异常检测(Anomaly Detection)能自动识别这些偏离正常模式的数据点。


异常检测方法

常用算法

算法适用场景优点缺点
Z-Score单变量,正态分布简单快速只适用于正态分布
IQR单变量,任意分布鲁棒性强不考虑时序
Isolation Forest多变量高效准确需要较多数据
LSTM-AE时间序列捕捉时序依赖训练复杂
One-Class SVM少样本无需正常数据参数敏感

环境设置

安装依赖

code
pip install numpy
pip install pandas
pip install scikit-learn
pip install tensorflow
pip install matplotlib
pip install seaborn
Code collapsed

数据准备

模拟健康数据

code
# data_generation.py
import numpy as np
import pandas as pd
from datetime import datetime, timedelta

def generate_health_data(days=180, anomaly_rate=0.05):
    """
    生成模拟健康数据

    参数:
        days: 数据天数
        anomaly_rate: 异常值比例

    返回:
        健康数据DataFrame
    """
    np.random.seed(42)

    # 日期范围
    dates = pd.date_range(
        start=datetime.now() - timedelta(days=days),
        periods=days,
        freq='D'
    )

    # 1. 心率数据 (bpm)
    # 基础心率 + 日变化 + 随机波动
    base_hr = 70
    daily_variation = 5 * np.sin(2 * np.pi * np.arange(days) / 7)
    random_noise = np.random.normal(0, 3, days)
    heart_rate = base_hr + daily_variation + random_noise

    # 2. 血压数据
    base_sbp = 120  # 收缩压
    base_dbp = 80   # 舒张压
    sbp = base_sbp + np.random.normal(0, 5, days)
    dbp = base_dbp + np.random.normal(0, 3, days)

    # 3. 步数数据
    base_steps = 8000
    weekday_steps = 10000
    weekend_steps = 5000
    steps = []
    for i, date in enumerate(dates):
        if date.dayofweek >= 5:  # 周末
            steps.append(weekend_steps + np.random.normal(0, 1000))
        else:  # 工作日
            steps.append(weekday_steps + np.random.normal(0, 1500))

    # 4. 睡眠时长 (小时)
    base_sleep = 7.5
    sleep = base_sleep + np.random.normal(0, 1, days)

    # 5. 体重 (kg)
    base_weight = 70
    weight = base_weight + np.cumsum(np.random.normal(0, 0.1, days))

    # 创建DataFrame
    df = pd.DataFrame({
        'date': dates,
        'heart_rate': heart_rate,
        'sbp': sbp,
        'dbp': dbp,
        'steps': steps,
        'sleep_hours': sleep,
        'weight': weight
    })

    # 添加异常值
    num_anomalies = int(days * anomaly_rate)
    anomaly_indices = np.random.choice(days, num_anomalies, replace=False)

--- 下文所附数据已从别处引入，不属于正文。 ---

(* Assume (FWW) for a flow $\Phi_t$ on $\mathbb{R}^n$ and a $k$-cone $C$. Let $\mathcal{D}\subset\mathbb{R}^n$ be open and $\omega$-compact, let $x\in\mathcal{D}$, and consider the $k$-exponential separation of $(\Phi_t,D\Phi_t)$ along $\omega(x)$ associated with $C$. Assume $\lambda_{kz}>0$ for every $z\in\omega(x)$. Then there exists a constant $\delta>0$ such that $$\limsup_{t\to+\infty}\|\Phi_t(y)-\Phi_t(x)\|\ge\delta$$ whenever $y\ne x$ and $y\sim x$.
   Context: A closed set $C\subset\mathbb{R}^n$ is a $k$-cone if $lv\in C$ for all $v\in C$, $l\in\mathbb{R}$, and the maximal dimension of a linear subspace contained in $C$ is $k$. $C$ is $k$-solid if there is a $k$-dimensional subspace $W$ with $W\setminus\{0\}\subset\operatorname{Int}C$. Write $x\sim y$ if $x-y\in C$ and $x\approx y$ if $x-y\in\operatorname{Int}C$. A flow $\Phi_t$ is strongly monotone with respect to a $k$-solid cone $C$ if $x\sim y$ implies $\Phi_t(x)\sim\Phi_t(y)$ for $t\ge0$, and $x\ne y$, $x\sim y$ imply $\Phi_t(x)\approx\Phi_t(y)$ for $t>0$. Assumption (FWW): the flow $\Phi_t$ on $\mathbb{R}^n$ is $C^{1,\alpha}$-smooth ($C^1$ with locally $\alpha$-Hölder derivative, $\alpha\in(0,1]$), strongly monotone with respect to the $k$-cone $C$, and $D_x\Phi_t(C\setminus\{0\})\subset\operatorname{Int}C$ for $t>0$. A set $\mathcal{D}$ is $\omega$-compact if every forward orbit from $\mathcal{D}$ is bounded and $\bigcup_{x\in\mathcal{D}}\omega(x)$ is bounded. A $k$-exponential separation along a compact invariant set $K$ associated with $C$ consists of continuous (in the Grassmannian gap metric) families of $k$-dimensional subspaces $E_y$ and $(n-k)$-dimensional subspaces $F_y$, $y\in K$, with $\mathbb{R}^n=E_y\oplus F_y$, $D_y\Phi_tE_y=E_{\Phi_t(y)}$, $D_y\Phi_tF_y\subset F_{\Phi_t(y)}$ ($t>0$), constants $M>0$, $0<\gamma<1$ with $\|D_y\Phi_tw\|\le M\gamma^t\|D_y\Phi_tv\|$ for unit $w\in F_y$, $v\in E_y$, $t\ge0$, and $E_y\subset\operatorname{Int}C\cup\{0\}$, $F_y\cap C=\{0\}$; under (FWW) such a separation exists along every compact invariant set. The $k$-Lyapunov exponent is $\lambda_{kz}=\limsup_{t\to+\infty}t^{-1}\log\inf_{v\in E_z,\|v\|=1}\|D_z\Phi_tv\|$. *)

theory Defs
  imports "HOL-Analysis.Analysis"
begin

type_synonym 'n flow = "real \<Rightarrow> real^'n \<Rightarrow> real^'n"

definition Dflow :: "'n::finite flow \<Rightarrow> real \<Rightarrow> real^'n \<Rightarrow> real^'n \<Rightarrow> real^'n" where
  "Dflow \<Phi> t x = frechet_derivative (\<Phi> t) (at x)"

definition is_flow :: "'n::finite flow \<Rightarrow> bool" where
  "is_flow \<Phi> \<longleftrightarrow> (\<forall>x. \<Phi> 0 x = x) \<and> (\<forall>s t x. \<Phi> (s + t) x = \<Phi> s (\<Phi> t x))
     \<and> continuous_on UNIV (\<lambda>(t, x). \<Phi> t x)"

definition C1_alpha_flow :: "real \<Rightarrow> 'n::finite flow \<Rightarrow> bool" where
  "C1_alpha_flow \<alpha> \<Phi> \<longleftrightarrow> is_flow \<Phi> \<and>
     (\<forall>t x. \<Phi> t differentiable (at x)) \<and>
     (\<forall>t x. \<exists>r>0. \<exists>L. \<forall>y\<in>ball x r. \<forall>z\<in>ball x r.
         onorm (\<lambda>v. Dflow \<Phi> t y v - Dflow \<Phi> t z v) \<le> L * dist y z powr \<alpha>)"

definition k_cone :: "nat \<Rightarrow> (real^'n::finite) set \<Rightarrow> bool" where
  "k_cone k C \<longleftrightarrow> closed C \<and> (\<forall>v\<in>C. \<forall>l::real. l *\<^sub>R v \<in> C) \<and>
     (\<exists>W. subspace W \<and> W \<subseteq> C \<and> dim W = k) \<and>
     (\<forall>W. subspace W \<and> W \<subseteq> C \<longrightarrow> dim W \<le> k)"

definition k_solid :: "nat \<Rightarrow> (real^'n::finite) set \<Rightarrow> bool" where
  "k_solid k C \<longleftrightarrow> (\<exists>W. subspace W \<and> dim W = k \<and> W - {0} \<subseteq> interior C)"

definition strongly_monotone :: "'n::finite flow \<Rightarrow> (real^'n) set \<Rightarrow> bool" where
  "strongly_monotone \<Phi> C \<longleftrightarrow>
     (\<forall>x y t. x - y \<in> C \<and> t \<ge> 0 \<longrightarrow> \<Phi> t x - \<Phi> t y \<in> C) \<and>
     (\<forall>x y t. x \<noteq> y \<and> x - y \<in> C \<and> t > 0 \<longrightarrow> \<Phi> t x - \<Phi> t y \<in> interior C)"

definition FWW :: "'n::finite flow \<Rightarrow> nat \<Rightarrow> (real^'n) set \<Rightarrow> bool" where
  "FWW \<Phi> k C \<longleftrightarrow> (\<exists>\<alpha>. 0 < \<alpha> \<and> \<alpha> \<le> 1 \<and> C1_alpha_flow \<alpha> \<Phi>) \<and>
     k_cone k C \<and> k_solid k C \<and> strongly_monotone \<Phi> C \<and>
     (\<forall>t>0. \<forall>x. Dflow \<Phi> t x ` (C - {0}) \<subseteq> interior C)"

definition omega_limit :: "'n::finite flow \<Rightarrow> real^'n \<Rightarrow> (real^'n) set" where
  "omega_limit \<Phi> x = {y. \<exists>s::nat \<Rightarrow> real. filterlim s at_top sequentially \<and>
                           (\<lambda>m. \<Phi> (s m) x) \<longlonglongrightarrow> y}"

definition omega_compact :: "'n::finite flow \<Rightarrow> (real^'n) set \<Rightarrow> bool" where
  "omega_compact \<Phi> D \<longleftrightarrow> (\<forall>x\<in>D. bounded ((\<lambda>t. \<Phi> t x) ` {0..})) \<and>
     bounded (\<Union>x\<in>D. omega_limit \<Phi> x)"

definition gap :: "(real^'n::finite) set \<Rightarrow> (real^'n) set \<Rightarrow> real" where
  "gap U V = max (Sup ({0} \<union> (\<lambda>u. infdist u V) ` {u\<in>U. norm u = 1}))
                 (Sup ({0} \<union> (\<lambda>v. infdist v U) ` {v\<in>V. norm v = 1}))"

definition gap_continuous_on :: "(real^'n::finite) set \<Rightarrow> (real^'n \<Rightarrow> (real^'n) set) \<Rightarrow> bool" where
  "gap_continuous_on K E \<longleftrightarrow> (\<forall>y\<in>K. \<forall>\<epsilon>>0. \<exists>d>0. \<forall>y'\<in>K. dist y' y < d \<longrightarrow> gap (E y') (E y) < \<epsilon>)"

    for idx in anomaly_indices:
        anomaly_type = np.random.choice(['hr', 'bp', 'sleep', 'steps'])

        if anomaly_type == 'hr':
            # 心率异常
            df.loc[idx, 'heart_rate'] += np.random.choice([-30, 30])
        elif anomaly_type == 'bp':
            # 血压异常
            df.loc[idx, 'sbp'] += np.random.choice([-20, 20])
            df.loc[idx, 'dbp'] += np.random.choice([-10, 10])
        elif anomaly_type == 'sleep':
            # 睡眠异常
            df.loc[idx, 'sleep_hours'] += np.random.choice([-3, -4, -5])
        elif anomaly_type == 'steps':
            # 步数异常
            df.loc[idx, 'steps'] *= np.random.choice([0.2, 0.3])

    return df

# 生成数据
health_data = generate_health_data(days=180, anomaly_rate=0.05)
print(f"数据形状: {health_data.shape}")
print(health_data.head())
Code collapsed

统计方法异常检测

1. Z-Score方法

code
# zscore_detector.py
from scipy import stats
import numpy as np

class ZScoreAnomalyDetector:
    """Z-Score异常检测器"""

    def __init__(self, threshold: float = 3.0):
        """
        参数:
            threshold: Z-Score阈值(通常为3)
        """
        self.threshold = threshold
        self.mean = None
        self.std = None

    def fit(self, data: np.ndarray):
        """拟合正常数据"""
        self.mean = np.mean(data)
        self.std = np.std(data)
        return self

    def detect(self, data: np.ndarray) -> np.ndarray:
        """
        检测异常

        返回:
            布尔数组,True表示异常
        """
        z_scores = np.abs((data - self.mean) / self.std)
        return z_scores > self.threshold

    def get_anomaly_scores(self, data: np.ndarray) -> np.ndarray:
        """获取异常分数"""
        return np.abs((data - self.mean) / self.std)

# 使用示例
detector = ZScoreAnomalyDetector(threshold=3)
detector.fit(health_data['heart_rate'].values)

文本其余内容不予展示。